In this example, the value 1 is first passed through the increment filter, resulting in 2, and then through the double filter, resulting in 4.

Filters with Tuples

Filters can take tuples as input and produce tuples as output. This allows for more complex data transformations and processing.

Example

let calculateSumAndProduct (x, y) |>
let `sum` = x + y
let product = x * y
from `sum`
from product
let incrementAndDouble (`sum`, product) |>
let incrementedSum = `sum` + 1
let doubledProduct = product * 2
from incrementedSum
from doubledProduct
let result = (2, 3) calculateSumAndProduct incrementAndDouble
from result

In this example, calculateSumAndProduct takes a tuple (x, y) and returns a tuple (sum, product). The incrementAndDouble filter then takes this output tuple and processes it further.

Parameter Deconstruction

When a filter takes a tuple as input, the components of the tuple can be deconstructed and accessed by their names or indices within the filter.

Example

let processPerson (name, age) |>
let message = $'Name: {name}, Age: {age}'
from message
let person = (name: 'Alice', age: 30)
let result = person processPerson
from result

In this example, the processPerson filter deconstructs the person tuple into name and age, which are then used to create a message.

Using the when Keyword

Filters can use the when keyword to include conditions. If a filter input matches the type pattern but not the condition, the filter is still allowed but will return nothing.

Example

let incrementIfPositive (x: number when x > 0) |> x + 1
let result1 = 5 incrementIfPositive
let result2 = -3 incrementIfPositive
from result1
from result2

In this example, incrementIfPositive increments the input only if it is a positive number. For result1, the filter returns 6, but for result2, the filter returns nothing.

Practical Usage

Example: Filtering a Collection

let isEven (x) |> x mod 2 == 0
let evenNumbers (numbers) |>
numbers filter isEven
let result = [1, 2, 3, 4, 5, 6] evenNumbers
from result

In this example, the isEven filter checks if a number is even, and the evenNumbers filter extracts even numbers from a list.
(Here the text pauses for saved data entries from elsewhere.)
lemma min_indeg_orientation_saturated:
  assumes "finite V" "finite E" "\<forall>e\<in>E. fst (ends e) \<in> V \<and> snd (ends e) \<in> V" "T \<subseteq> V"
    and opt: "min_indeg_orientation V E ends f g T D"
    and "v \<in> V - T" "a \<in> T" "(arc E ends D)\<^sup>*\<^sup>* v a" "int (indeg E ends D a) > f a"
  shows "int (indeg E ends D v) \<ge> g v"
proof (rule ccontr)
  assume "\<not> int (indeg E ends D v) \<ge> g v"
  have "finite T" using assms(1,4) finite_subset by blast
  have "v \<noteq> a" using assms(6,7) by blast
  obtain D' where D': "\<And>w. int (indeg E ends D' w) =
      int (indeg E ends D w) + of_bool (w = v) - of_bool (w = a)"
    using indeg_reverse_path[OF assms(2,8)] by blast
  have "bounded_orientation V E ends f g D'"
    using opt \<open>\<not> int (indeg E ends D v) \<ge> g v\<close> assms(9) \<open>v \<noteq> a\<close>
    unfolding min_indeg_orientation_def bounded_orientation_def D' by auto
  then have "indeg_set V E ends D T \<le> indeg_set V E ends D' T"
    using opt unfolding min_indeg_orientation_def by blast
  moreover have "(\<Sum>w\<in>T. int (indeg E ends D' w)) = (\<Sum>w\<in>T. int (indeg E ends D w)) - 1"
    using assms(6,7) \<open>finite T\<close> by (simp add: D' sum.distrib sum_subtractf)
  then have "int (indeg_set V E ends D' T) = int (indeg_set V E ends D T) - 1"
    using indeg_set_eq_sum_indeg[OF assms(2-4) \<open>finite T\<close>] by simp
  ultimately show False by simp
qed

lemma min_indeg_orientation_tight_set:
  assumes "finite V" "finite E" "\<forall>e\<in>E. fst (ends e) \<in> V \<and> snd (ends e) \<in> V" "T \<subseteq> V"
    and opt: "min_indeg_orientation V E ends f g T D"
  obtains Z where "Z \<subseteq> V" "indeg_set V E ends D Z = 0"
    "\<forall>v\<in>Z-T. int (indeg E ends D v) = g v" "\<forall>v\<in>T-Z. int (indeg E ends D v) = f v"
proof
  define A where "A = {t\<in>T. int (indeg E ends D t) > f t}"
  define Z where "Z = {v\<in>V. \<exists>a\<in>A. (arc E ends D)\<^sup>*\<^sup>* v a}"
  have bounded: "bounded_orientation V E ends f g D"
    using opt unfolding min_indeg_orientation_def by blast
  show "Z \<subseteq> V" unfolding Z_def by blast
  show "indeg_set V E ends D Z = 0"
    unfolding Z_def by (rule indeg_set_ancestors_eq_0)
  show "\<forall>v\<in>Z-T. int (indeg E ends D v) = g v"
    using min_indeg_orientation_saturated[OF assms] bounded
    unfolding Z_def A_def bounded_orientation_def by force
  show "\<forall>v\<in>T-Z. int (indeg E ends D v) = f v"
    using bounded assms(4) unfolding Z_def A_def bounded_orientation_def by force
qed

lemma indeg_slack_nonneg:
  assumes "T \<subseteq> V" "Z \<subseteq> V" "bounded_orientation V E ends f g D"
  shows "indeg_slack V E ends f g T Z D \<ge> 0"
  using assms unfolding indeg_slack_def bounded_orientation_def
  by (intro add_nonneg_nonneg sum_nonneg) auto

lemma indeg_set_minus_slack_invariant:
  assumes "finite V" "finite E" "\<forall>e\<in>E. fst (ends e) \<in> V \<and> snd (ends e) \<in> V"
    and "T \<subseteq> V" "Z \<subseteq> V"
  shows "int (indeg_set V E ends D T) - indeg_slack V E ends f g T Z D =
    int (indeg_set V E ends D' T) - indeg_slack V E ends f g T Z D'"
  using indeg_set_exchange[OF assms, of D] indeg_set_exchange[OF assms, of D']
  unfolding indeg_slack_def by (simp add: sum_subtractf)

lemma indeg_slack_eq_0_iff:
  assumes "finite V" "T \<subseteq> V" "Z \<subseteq> V" "\<forall>v\<in>V. f v \<le> g v"
  shows "bounded_orientation V E ends f g D \<and> indeg_slack V E ends f g T Z D = 0 \<longleftrightarrow>
    bounded_orientation V E ends (tight_lower f g T Z) (tight_upper f g T Z) D \<and>
    indeg_set V E ends D Z = 0"
proof -
  have "finite (Z - T)" "finite (T - Z)"
    using assms(1-3) finite_subset by blast+
  have "indeg_slack V E ends f g T Z D = 0 \<longleftrightarrow> indeg_set V E ends D Z = 0 \<and>
      (\<forall>v\<in>Z-T. int (indeg E ends D v) = g v) \<and> (\<forall>v\<in>T-Z. int (indeg E ends D v) = f v)"
    if bounded: "bounded_orientation V E ends f g D"
  proof -
    have upper: "\<forall>v\<in>Z-T. g v - int (indeg E ends D v) \<ge> 0"
      and lower: "\<forall>v\<in>T-Z. int (indeg E ends D v) - f v \<ge> 0"
      using bounded assms(2,3) unfolding bounded_orientation_def by auto
    have "(\<Sum>v\<in>Z-T. g v - int (indeg E ends D v)) = 0 \<longleftrightarrow> (\<forall>v\<in>Z-T. int (indeg E ends D v) = g v)"
      using upper \<open>finite (Z - T)\<close> by (subst sum_nonneg_eq_0_iff) auto
    moreover have "(\<Sum>v\<in>T-Z. int (indeg E ends D v) - f v) = 0 \<longleftrightarrow> (\<forall>v\<in>T-Z. int (indeg E ends D v) = f v)"
      using lower \<open>finite (T - Z)\<close> by (subst sum_nonneg_eq_0_iff) auto
    moreover have "(\<Sum>v\<in>Z-T. g v - int (indeg E ends D v)) \<ge> 0"
      "(\<Sum>v\<in>T-Z. int (indeg E ends D v) - f v) \<ge> 0"
      using upper lower by (auto intro: sum_nonneg)
    ultimately show ?thesis unfolding indeg_slack_def by linarith
  qed
  moreover have "bounded_orientation V E ends f g D \<and> indeg_set V E ends D Z = 0 \<and>
      (\<forall>v\<in>Z-T. int (indeg E ends D v) = g v) \<and> (\<forall>v\<in>T-Z. int (indeg E ends D v) = f v) \<longleftrightarrow>
    bounded_orientation V E ends (tight_lower f g T Z) (tight_upper f g T Z) D \<and>
    indeg_set V E ends D Z = 0"
  proof -
    have "tight_lower f g T Z v \<le> n \<and> n \<le> tight_upper f g T Z v \<longleftrightarrow>
        f v \<le> n \<and> n \<le> g v \<and> (v \<in> Z - T \<longrightarrow> n = g v) \<and> (v \<in> T - Z \<longrightarrow> n = f v)"
      if "f v \<le> g v" for v and n :: int
      using that unfolding tight_lower_def tight_upper_def by auto
    then show ?thesis
      using assms(2-4) unfolding bounded_orientation_def by blast
  qed
  ultimately show ?thesis by blast
qed
(* For every integer $n\ge 1$, the $n$-dimensional volume of \[ \mathcal{T}^n=\left\{x\in\mathbb{R}^n : \|x\|_\infty\le 1 \text{ and } 1+\sum_{i=1}^n x_i\ge 0\right\} \] is \[ \mathrm{Vol}(\mathcal{T}^n) = 2^n \left[1 - \frac{1}{n!}\sum_{k=0}^{\lfloor \frac{n-1}{2} \rfloor} (-1)^k\binom{n}{k} \left(\frac{n-1}{2}-k \right)^n \right]. \]
   Context: $\mathcal{T}^n$ is called the trace nonnegative polytope. Here $0^n$ with $n\ge1$ equals $0$. *)

theory Defs
  imports "HOL-Analysis.Analysis"
begin

definition trace_nonneg_polytope :: "(real ^ 'n) set" where
  "trace_nonneg_polytope =
     {x :: real ^ 'n. (\<forall>i. \<bar>x $ i\<bar> \<le> 1) \<and> 1 + (\<Sum>i\<in>UNIV. x $ i) \<ge> 0}"

end

theory Submission
  imports Defs
begin

text \<open>A point of the cube \<open>[-1,1]\<^sup>n\<close> lies outside \<open>\<T>\<^sup>n\<close> iff its coordinate sum is below \<open>-1\<close>;
  shifted by \<open>1\<close>, these points form the part of \<open>[0,2]\<^sup>n\<close> below the hyperplane
  \<open>\<Sum> y\<^sub>i = n - 1\<close>. Inclusion-exclusion over the set \<open>K\<close> of coordinates exceeding \<open>2\<close>
  reduces its volume to those of the points \<open>y \<ge> 0\<close> with \<open>\<Sum> y\<^sub>i < n - 1\<close> and
  \<open>y\<^sub>i > 2\<close> on \<open>K\<close>. Up to a null set this is a translate of the corner simplex of size
  \<open>n - 1 - 2|K|\<close>, of volume \<open>max 0 (n - 1 - 2|K|)\<^sup>n / n!\<close>, so only the terms with
  \<open>|K| \<le> (n-1)/2\<close> survive.\<close>

definition corner_simplex :: "real \<Rightarrow> (real^'n::finite) set" where
  "corner_simplex t = {x. (\<forall>i. 0 \<le> x$i) \<and> (\<Sum>i\<in>UNIV. x$i) \<le> t}"

lemma sum_inner_Basis_cart: "(\<Sum>b\<in>Basis. x \<bullet> b) = (\<Sum>i\<in>UNIV. x $ i)"
  for x :: "real^'n"
proof -
  have Basis: "(Basis :: (real^'n) set) = range (\<lambda>i. axis i 1)"
    by (auto simp: Basis_vec_def)
  show ?thesis
    unfolding Basis by (subst sum.reindex) (auto simp: inj_on_def axis_eq_axis inner_axis)
qed

lemma corner_simplex_1: "corner_simplex 1 = (convex hull (insert 0 Basis) :: (real^'n) set)"
  unfolding std_simplex sum_inner_Basis_cart
  by (auto simp: corner_simplex_def Basis_vec_def inner_axis)

lemma corner_simplex_neg: "t < 0 \<Longrightarrow> corner_simplex t = {}"
  by (auto simp: corner_simplex_def) (meson not_le order.strict_trans2 sum_nonneg)
lemma ham_field_bounded:
  obtains V where "0 < V" "\<And>y q. y \<in> Kset b \<Longrightarrow> \<bar>y\<bar> \<le> A \<Longrightarrow> \<bar>q\<bar> \<le> M \<Longrightarrow> norm (ham_field H (y, q)) \<le> V"
proof -
  define C where "C = ({-A..A} \<inter> Kset b) \<times> {-M..M}"
  have "compact C" unfolding C_def by (intro compact_Times compact_Int_closed closed_K) auto
  moreover have "C \<subseteq> U" using K_U by (auto simp: C_def)
  ultimately have "bounded (ham_field H ` C)"
    by (intro compact_imp_bounded compact_continuous_image continuous_on_subset[OF continuous_on_ham_field])
  then obtain V where "0 < V" "\<And>z. z \<in> C \<Longrightarrow> norm (ham_field H z) \<le> V"
    unfolding bounded_pos by fastforce
  then show ?thesis by (intro that[of V]) (auto simp: C_def abs_le_iff)
qed

lemma local_hamiltonian_solution:
  assumes "0 < \<rho>" "cball y0 \<rho> \<subseteq> Kset b"
  obtains \<delta> Z where "0 < \<delta>" "Z 0 = (y0, q0)"
    "\<And>t. t \<in> {0..\<delta>} \<Longrightarrow> (Z has_vector_derivative ham_field H (Z t)) (at t within {0..\<delta>}) \<and> fst (Z t) \<in> Kset b"
proof -
  have "(y0, q0) \<in> U" using K_U assms by (simp add: subset_iff)
  then obtain r where r: "0 < r" "cball (y0, q0) r \<subseteq> U" using open_U open_contains_cball by blast
  define r' where "r' = min r \<rho>"
  have r': "0 < r'" "cball (y0, q0) r' \<subseteq> U" using r assms(1) by (auto simp: r'_def)
  obtain L where "L-lipschitz_on (cball (y0, q0) r') (ham_field H)"
    using lipschitz_on_ham_field[OF convex_cball compact_cball r'(2)] .
  moreover have "continuous_on (cball (y0, q0) r') (ham_field H)"
    using continuous_on_subset[OF continuous_on_ham_field r'(2)] .
  ultimately obtain \<delta> Z where Z: "0 < \<delta>" "Z 0 = (y0, q0)"
    "\<And>t. t \<in> {0..\<delta>} \<Longrightarrow> (Z has_vector_derivative ham_field H (Z t)) (at t within {0..\<delta>}) \<and> Z t \<in> cball (y0, q0) r'"
    using local_ode_solution[OF r'(1)] by metis
  have "fst (Z t) \<in> Kset b" if "t \<in> {0..\<delta>}" for t
  proof -
    have "dist y0 (fst (Z t)) \<le> \<rho>"
      using Z(3)[OF that] dist_fst_le[of "(y0, q0)" "Z t"] by (auto simp: r'_def)
    then show ?thesis using assms(2) by auto
  qed
  then show ?thesis using Z that by blast
qed

lemma H_zero: "y \<in> Kset b \<Longrightarrow> H y 0 = 0"
  using cond by (simp add: conditionH_def condH0_def)

lemma H_has_real_derivative: "y \<in> Kset b \<Longrightarrow> ((\<lambda>q. H y q) has_real_derivative pdp H y q) (at q)"
  using C1_on_has_real_derivative_pdp[OF C1_H K_U] .
(* Assume $S\neq\emptyset$ and let $k\ge\max(1,k_1,\dots,k_m)$. If $\mathcal{Q}_k(\tilde G)$ is closed in $\mathbb{R}[\tilde X]_{2k}$, then $\widetilde{\mathrm{TH}}_k(\tilde G)=\overline{\Omega_k(\tilde G)}$.
   Context: $X=(X_1,\dots,X_n)$, $\tilde X=(X_0,X_1,\dots,X_n)$, $\|\cdot\|_2$ Euclidean norm; $\mathbb{R}[\tilde X]_{2k}$ is the space of polynomials of degree at most $2k$. For $f\in\mathbb{R}[X]$ of degree $d$, its homogenization is $\tilde f(\tilde X)=X_0^df(X/X_0)\in\mathbb{R}[\tilde X]$. Fix $g_1,\dots,g_m\in\mathbb{R}[X]$ and $S=\{x\in\mathbb{R}^n:g_1(x)\ge0,\dots,g_m(x)\ge0\}$. For a finite set $H=\{h_1,\dots,h_r\}$ of polynomials, the $k$-th quadratic module is $\mathcal{Q}_k(H)=\{\sum_{j=0}^r\sigma_jh_j:h_0=1,\ \sigma_j\text{ sums of squares of polynomials},\ \deg(\sigma_jh_j)\le2k\}$. Let $\tilde G=\{\tilde g_1,\dots,\tilde g_m,X_0,\|\tilde X\|_2^2-1,1-\|\tilde X\|_2^2\}$. Let $\mathcal{P}[\tilde X]_1$ be the set of linear forms (homogeneous of degree one) in $\tilde X$ together with $0$. The modified theta body is $\widetilde{\mathrm{TH}}_k(\tilde G)=\{x\in\mathbb{R}^n:\tilde l(1,x)\ge0\ \forall\tilde l\in\mathcal{Q}_k(\tilde G)\cap\mathcal{P}[\tilde X]_1\}$. Moments: for $y=(y_\alpha)_{\alpha\in\mathbb{N}^{n+1},|\alpha|\le2k}$, the Riesz functional is $L_y(\sum_\alpha q_\alpha\tilde X^\alpha)=\sum_\alpha q_\alpha y_\alpha$; the moment matrix $M_k(y)$ is indexed by $\alpha,\beta\in\mathbb{N}^{n+1}$, $|\alpha|,|\beta|\le k$, with entries $y_{\alpha+\beta}$; for $p=\sum_\beta p_\beta\tilde X^\beta$ with $d_p=\lceil\deg p/2\rceil\le k$, the localizing matrix $M_{k-d_p}(py)$ is indexed by $|\alpha|,|\gamma|\le k-d_p$ with entries $\sum_\beta p_\beta y_{\alpha+\gamma+\beta}$. With $k_j=\lceil\deg g_j/2\rceil$, the modified Lasserre relaxation is $\Omega_k(\tilde G)=\{x\in\mathbb{R}^n:\exists y=(y_\alpha)_{|\alpha|\le2k}\text{ with }L_y(X_0)=1,\ L_y(X_i)=x_i\ (i=1,\dots,n),\ M_{k-1}(X_0y)\succeq0,\ M_{k-1}((\|\tilde X\|_2^2-1)y)=0,\ M_k(y)\succeq0,\ M_{k-k_j}(\tilde g_jy)\succeq0\ (j=1,\dots,m)\}$. Overline denotes closure. *)

theory Defs
  imports "HOL-Analysis.Analysis" "HOL-Library.Poly_Mapping"
begin

text \<open>For the homogenized variables
  X0, X1, ..., Xn we use the variable type 'n option, where None is X0 and Some i
  is Xi (i ranging over the finite type 'n, so R^n is real^'n).\<close>

type_synonym 'v mpoly = "('v \<Rightarrow>\<^sub>0 nat) \<Rightarrow>\<^sub>0 real"

definition mdeg :: "('v \<Rightarrow>\<^sub>0 nat) \<Rightarrow> nat" where
  "mdeg a = (\<Sum>i\<in>Poly_Mapping.keys a. Poly_Mapping.lookup a i)"

definition pdeg :: "'v mpoly \<Rightarrow> nat" where
  "pdeg p = Max (insert 0 (mdeg ` Poly_Mapping.keys p))"

definition pvar :: "'v \<Rightarrow> 'v mpoly" where
  "pvar i = Poly_Mapping.single (Poly_Mapping.single i 1) 1"

definition peval :: "'v mpoly \<Rightarrow> ('v \<Rightarrow> real) \<Rightarrow> real" where
  "peval p z = (\<Sum>a\<in>Poly_Mapping.keys p. Poly_Mapping.lookup p a * (\<Prod>i\<in>Poly_Mapping.keys a. z i ^ Poly_Mapping.lookup a i))"

definition hpt :: "real^'n \<Rightarrow> 'n option \<Rightarrow> real" where
  "hpt x = (\<lambda>i. case i of None \<Rightarrow> 1 | Some j \<Rightarrow> x $ j)"

definition in_X :: "'n option mpoly \<Rightarrow> bool" where
  "in_X p \<longleftrightarrow> (\<forall>a\<in>Poly_Mapping.keys p. None \<notin> Poly_Mapping.keys a)"

text \<open>Homogenization: tilde f = X0^d f(X/X0), d = deg f, coefficientwise.\<close>
definition homog :: "'n option mpoly \<Rightarrow> 'n option mpoly" where
  "homog f = (\<Sum>a\<in>Poly_Mapping.keys f. Poly_Mapping.single
      (a + Poly_Mapping.single None (pdeg f - mdeg a)) (Poly_Mapping.lookup f a))"

definition sqnorm :: "'n::finite option mpoly" where
  "sqnorm = (\<Sum>i\<in>UNIV. pvar i * pvar i)"

definition sos :: "'v mpoly \<Rightarrow> bool" where
  "sos s \<longleftrightarrow> (\<exists>qs. s = sum_list (map (\<lambda>q. q * q) qs))"

definition qmodule :: "nat \<Rightarrow> 'v mpoly list \<Rightarrow> 'v mpoly set" where
  "qmodule k H = {(\<Sum>j<length (1 # H). \<sigma> j * ((1 # H) ! j)) | \<sigma>.
      \<forall>j<length (1 # H). sos (\<sigma> j) \<and> pdeg (\<sigma> j * ((1 # H) ! j)) \<le> 2 * k}"

definition polys_deg :: "nat \<Rightarrow> 'v mpoly set" where
  "polys_deg d = {p. pdeg p \<le> d}"

text \<open>Closedness of a set C inside the finite-dimensional space R[tilde X]_d, for its
  (unique Hausdorff vector space, i.e. coefficientwise) topology, stated sequentially.\<close>
definition closed_in_polys :: "nat \<Rightarrow> 'v mpoly set \<Rightarrow> bool" where
  "closed_in_polys d C \<longleftrightarrow> C \<subseteq> polys_deg d \<and>
     (\<forall>ps q. (\<forall>j. ps j \<in> C) \<and> q \<in> polys_deg d \<and>
        (\<forall>a. (\<lambda>j. Poly_Mapping.lookup (ps j) a) \<longlonglongrightarrow> Poly_Mapping.lookup q a) \<longrightarrow> q \<in> C)"

definition linforms :: "'v mpoly set" where
  "linforms = {l. \<forall>a\<in>Poly_Mapping.keys l. mdeg a = 1}"

definition semialg :: "'n option mpoly list \<Rightarrow> (real^'n) set" where
  "semialg gs = {x. \<forall>g\<in>set gs. peval g (hpt x) \<ge> 0}"

definition Gtilde :: "'n::finite option mpoly list \<Rightarrow> 'n option mpoly list" where
  "Gtilde gs = map homog gs @ [pvar None, sqnorm - 1, 1 - sqnorm]"

definition modTH :: "nat \<Rightarrow> 'n::finite option mpoly list \<Rightarrow> (real^'n) set" where
  "modTH k G = {x. \<forall>l\<in>qmodule k G \<inter> linforms. peval l (hpt x) \<ge> 0}"

definition riesz :: "(('v \<Rightarrow>\<^sub>0 nat) \<Rightarrow> real) \<Rightarrow> 'v mpoly \<Rightarrow> real" where
  "riesz y p = (\<Sum>a\<in>Poly_Mapping.keys p. Poly_Mapping.lookup p a * y a)"

definition mons :: "nat \<Rightarrow> ('v \<Rightarrow>\<^sub>0 nat) set" where
  "mons d = {a. mdeg a \<le> d}"

definition locmat :: "'v mpoly \<Rightarrow> (('v \<Rightarrow>\<^sub>0 nat) \<Rightarrow> real) \<Rightarrow> ('v \<Rightarrow>\<^sub>0 nat) \<Rightarrow> ('v \<Rightarrow>\<^sub>0 nat) \<Rightarrow> real" where
  "locmat p y a c = (\<Sum>b\<in>Poly_Mapping.keys p. Poly_Mapping.lookup p b * y (a + c + b))"

definition loc_psd :: "nat \<Rightarrow> 'v mpoly \<Rightarrow> (('v \<Rightarrow>\<^sub>0 nat) \<Rightarrow> real) \<Rightarrow> bool" where
  "loc_psd d p y \<longleftrightarrow> (\<forall>v. 0 \<le> (\<Sum>a\<in>mons d. \<Sum>c\<in>mons d. v a * locmat p y a c * v c))"

definition loc_zero :: "nat \<Rightarrow> 'v mpoly \<Rightarrow> (('v \<Rightarrow>\<^sub>0 nat) \<Rightarrow> real) \<Rightarrow> bool" where
  "loc_zero d p y \<longleftrightarrow> (\<forall>a\<in>mons d. \<forall>c\<in>mons d. locmat p y a c = 0)"

definition kdeg :: "'v mpoly \<Rightarrow> nat" where
  "kdeg g = (pdeg g + 1) div 2"

definition Omega :: "nat \<Rightarrow> 'n::finite option mpoly list \<Rightarrow> (real^'n) set" where
  "Omega k gs = {x. \<exists>y. riesz y (pvar None) = 1
      \<and> (\<forall>i. riesz y (pvar (Some i)) = x $ i)
      \<and> loc_psd (k - 1) (pvar None) y
      \<and> loc_zero (k - 1) (sqnorm - 1) y
      \<and> loc_psd k 1 y
      \<and> (\<forall>g\<in>set gs. loc_psd (k - kdeg g) (homog g) y)}"

end

theory Submission
  imports Defs
begin

text \<open>Both inclusions are duality arguments. If \<open>x \<in> \<Omega>\<^sub>k\<close> with moment sequence \<open>y\<close>, then
  \<open>L\<^sub>y \<ge> 0\<close> on \<open>Q\<^sub>k\<close>: the leading terms of squares cannot cancel, so a summand \<open>\<sigma>\<^sub>j h\<^sub>j\<close>
  of degree at most \<open>2k\<close> splits into terms \<open>q\<^sup>2 h\<^sub>j\<close> with \<open>2 deg q + deg h\<^sub>j \<le> 2k\<close>, on which the
  localizing matrices are positive semidefinite (zero for the sphere). As \<open>L\<^sub>y(l) = l(1, x)\<close> for
  linear forms and the theta body is closed, \<open>\<Omega>\<^sub>k\<close> and its closure lie in it.

  Conversely, a point \<open>x\<close> outside the closure of the convex set \<open>\<Omega>\<^sub>k\<close> is separated from it
  by a linear form \<open>l\<close> with \<open>l(1, x) < 0\<close>, so \<open>l \<notin> Q\<^sub>k\<close>. Since \<open>Q\<^sub>k\<close> is a closed convex cone,
  some \<open>y\<close> has \<open>L\<^sub>y \<ge> 0\<close> on \<open>Q\<^sub>k\<close> and \<open>L\<^sub>y(l) < 0\<close>. Nonnegativity on \<open>Q\<^sub>k\<close> gives all
  conditions of \<open>\<Omega>\<^sub>k\<close> except \<open>L\<^sub>y(X\<^sub>0) = 1\<close>; adding a small multiple of the moment sequence
  of a point of \<open>S\<close> lifted to the sphere (where \<open>X\<^sub>0 > 0\<close>) and normalizing yields points of
  \<open>\<Omega>\<^sub>k\<close>, on which \<open>l \<ge> 0\<close>; in the limit \<open>L\<^sub>y(l) \<ge> 0\<close>, a contradiction.\<close>

abbreviation lookup :: "('a \<Rightarrow>\<^sub>0 'b::zero) \<Rightarrow> 'a \<Rightarrow> 'b" where
  "lookup \<equiv> Poly_Mapping.lookup"

abbreviation keys :: "('a \<Rightarrow>\<^sub>0 'b::zero) \<Rightarrow> 'a set" where
  "keys \<equiv> Poly_Mapping.keys"

abbreviation single :: "'a \<Rightarrow> 'b::zero \<Rightarrow> 'a \<Rightarrow>\<^sub>0 'b" where
  "single \<equiv> Poly_Mapping.single"

lemma lookup_single_if: "lookup (single k v) k' = (if k = k' then v else 0)"
  by (simp add: lookup_single when_def)

lemma mdeg_eq_sum_superset: "finite S \<Longrightarrow> keys a \<subseteq> S \<Longrightarrow> mdeg a = (\<Sum>i\<in>S. lookup a i)"
  unfolding mdeg_def by (rule sum.mono_neutral_left) (auto simp: in_keys_iff)

lemma mdeg_add: "mdeg (a + b) = mdeg a + mdeg b"
proof -
  let ?S = "keys a \<union> keys b"
  have "mdeg (a + b) = (\<Sum>i\<in>?S. lookup (a + b) i)"
    by (rule mdeg_eq_sum_superset) (use keys_add[of a b] in auto)
  also have "\<dots> = (\<Sum>i\<in>?S. lookup a i) + (\<Sum>i\<in>?S. lookup b i)"
    by (simp add: lookup_add sum.distrib)
  also have "\<dots> = mdeg a + mdeg b"
    by (subst (1 2) mdeg_eq_sum_superset[of ?S]) auto
  finally show ?thesis .
qed

lemma mdeg_single [simp]: "mdeg (single i n) = n"
  by (simp add: mdeg_def)

lemma mdeg_zero [simp]: "mdeg 0 = 0"
  by (simp add: mdeg_def)

lemma lookup_le_mdeg: "lookup a i \<le> mdeg a"
proof (cases "i \<in> keys a")
  case True
  then show ?thesis unfolding mdeg_def by (intro member_le_sum) auto
qed (simp add: in_keys_iff)

lemma mdeg_eq_1_imp_single:
  fixes a :: "'v::finite \<Rightarrow>\<^sub>0 nat"
  assumes "mdeg a = 1"
  obtains i where "a = single i 1"
proof -
  have total: "mdeg a = (\<Sum>j\<in>UNIV. lookup a j)" by (rule mdeg_eq_sum_superset) auto
  have "a \<noteq> 0" using assms by auto
  then obtain i where i: "lookup a i \<noteq> 0" by (metis lookup_zero poly_mapping_eqI)
  with lookup_le_mdeg[of a i] assms have i1: "lookup a i = 1" by simp
  have "lookup a j = 0" if "j \<noteq> i" for j
  proof -
    have "(\<Sum>l\<in>{i, j}. lookup a l) \<le> (\<Sum>l\<in>UNIV. lookup a l)" by (rule sum_mono2) auto
    then show ?thesis using that i1 assms total by simp
  qed
  then have "a = single i 1" using i1 by (intro poly_mapping_eqI) (auto simp: lookup_single_if)
  then show thesis by (rule that)
qed

lemma pdeg_le_iff: "pdeg p \<le> d \<longleftrightarrow> (\<forall>a\<in>keys p. mdeg a \<le> d)"
  unfolding pdeg_def by (subst Max_le_iff) auto

lemma mdeg_le_pdeg: "a \<in> keys p \<Longrightarrow> mdeg a \<le> pdeg p"
  using pdeg_le_iff by blast

lemma pdeg_le_iff_keys_subset_mons: "pdeg p \<le> d \<longleftrightarrow> keys p \<subseteq> mons d"
  by (auto simp: pdeg_le_iff mons_def)

lemma exists_key_mdeg_eq_pdeg:
  assumes "f \<noteq> 0"
  obtains a where "a \<in> keys f" "mdeg a = pdeg f"
proof -
  have ne: "keys f \<noteq> {}" using assms by simp
  then have "pdeg f = Max (mdeg ` keys f)" unfolding pdeg_def by (simp add: Max_insert)
  moreover have "Max (mdeg ` keys f) \<in> mdeg ` keys f" using ne by simp
  ultimately show thesis using that by auto
qed

lemma pdeg_add_le: "pdeg (p + q) \<le> max (pdeg p) (pdeg q)"
  unfolding pdeg_le_iff
proof
  fix a assume "a \<in> keys (p + q)"
  then have "a \<in> keys p \<or> a \<in> keys q" using keys_add[of p q] by auto
  then show "mdeg a \<le> max (pdeg p) (pdeg q)" using mdeg_le_pdeg by fastforce
qed

lemma pdeg_uminus [simp]: "pdeg (- p) = pdeg p"
  unfolding pdeg_def by simp

lemma pdeg_mult_le: "pdeg (p * q) \<le> pdeg p + pdeg q"
  unfolding pdeg_le_iff
proof
  fix a assume "a \<in> keys (p * q)"
  then obtain b c where "a = b + c" "b \<in> keys p" "c \<in> keys q" using keys_mult by blast
  then show "mdeg a \<le> pdeg p + pdeg q" by (simp add: mdeg_add add_mono mdeg_le_pdeg)
qed

lemma pdeg_zero [simp]: "pdeg 0 = 0"
  by (simp add: pdeg_def)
Example: Complex Filter Chain

let increment (x) |> x + 1
let double (x) |> x * 2
let toText (x) |> '{x}'
let result =
[1, 2, 3]
select v => v increment
select v => v double
select v => v toText
from result

In this example, a list of numbers is incremented, doubled, and then converted to text using a chain of filters.

Summary

Filters in Filtrera provide a powerful mechanism for transforming and processing data. By understanding their syntax and usage, including the |> notation, parameter deconstruction, tuple handling, and the use of the when keyword, you can create complex data processing pipelines with ease. The ability to chain filters together further enhances the expressive and functional capabilities of Filtrera, enabling you to build robust and flexible programs.